**Aim of the exercise**
Starting at the line that contains "using pairing[where s=0 and v=0 and sb=0]", set down each line exactly until the records end, keeping both ends and adding nothing.

Stored items:
•••
lemma dext_product_form_quadratic:
  fixes Bg :: "'g::real_vector \<Rightarrow> 'g \<Rightarrow> real" and Ba :: "'a::real_vector \<Rightarrow> 'a \<Rightarrow> real"
  assumes Bg: "quadratic_form_on UNIV Bg" and "subspace Sa" and Ba: "quadratic_form_on Sa Ba"
  shows "quadratic_form_on (UNIV \<times> Sa) (dext_product_form Bg Ba)"
proof -
  have Bg_bil: "bilinear_on UNIV Bg" and Bg_sym: "Bg u v = Bg v u" for u v
    using Bg unfolding quadratic_form_on_def by auto
  have Ba_bil: "bilinear_on Sa Ba" and Ba_sym: "\<forall>w\<in>Sa. \<forall>w'\<in>Sa. Ba w w' = Ba w' w"
    using Ba unfolding quadratic_form_on_def by auto
  have "0 \<in> Sa"
    using \<open>subspace Sa\<close> by (rule subspace_0)
  have Ba_0: "Ba w 0 = 0" if "w \<in> Sa" for w
    using Ba_bil \<open>0 \<in> Sa\<close> that unfolding bilinear_on_def by (metis mult_zero_left scale_zero_left)
  have "bilinear_on (UNIV \<times> Sa) (dext_product_form Bg Ba)"
    using Ba_bil unfolding bilinear_on_def
    by (auto simp: split_paired_all bilinear_on_UNIV_simps[OF Bg_bil] algebra_simps)
  moreover have "\<forall>x\<in>UNIV \<times> Sa. \<forall>y\<in>UNIV \<times> Sa. dext_product_form Bg Ba x y = dext_product_form Bg Ba y x"
    using Ba_sym by (auto simp: Bg_sym)
  moreover have "x = 0"
    if "x \<in> UNIV \<times> Sa" and "\<forall>y\<in>UNIV \<times> Sa. dext_product_form Bg Ba x y = 0" for x
  proof -
    obtain r u rb w where x: "x = ((r, u, rb), w)"
      by (metis prod.exhaust)
    with \<open>x \<in> UNIV \<times> Sa\<close> have "w \<in> Sa"
      by simp
    have pairing: "r * sb + rb * s + Bg u v + Ba w y = 0" if "y \<in> Sa" for s v sb y
      using \<open>\<forall>y\<in>UNIV \<times> Sa. _ = 0\<close> that by (auto simp: x)
    have "r = 0" and "rb = 0"
      using pairing[where s=0 and v=0 and sb=1, OF \<open>0 \<in> Sa\<close>] pairing[where s=1 and v=0 and sb=0, OF \<open>0 \<in> Sa\<close>]
      by (simp_all add: Ba_0 \<open>w \<in> Sa\<close> bilinear_on_UNIV_simps[OF Bg_bil])
    moreover have "u = 0"
      using pairing[where s=0 and sb=0, OF \<open>0 \<in> Sa\<close>] Bg unfolding quadratic_form_on_def
      by (simp add: Ba_0 \<open>w \<in> Sa\<close>)
    moreover have "w = 0"
      using pairing[where s=0 and v=0 and sb=0] Ba \<open>w \<in> Sa\<close> unfolding quadratic_form_on_def
      by (simp add: bilinear_on_UNIV_simps[OF Bg_bil])
    ultimately show ?thesis
      by (simp add: x zero_prod_def)
  qed
  ultimately show ?thesis
    unfolding quadratic_form_on_def by blast
qed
•••
**Answer**
      using pairing[where s=0 and v=0 and sb=0] Ba \<open>w \<in> Sa\<close> unfolding quadratic_form_on_def
      by (simp add: bilinear_on_UNIV_simps[OF Bg_bil])
    ultimately show ?thesis
      by (simp add: x zero_prod_def)
  qed
  ultimately show ?thesis
    unfolding quadratic_form_on_def by blast
qed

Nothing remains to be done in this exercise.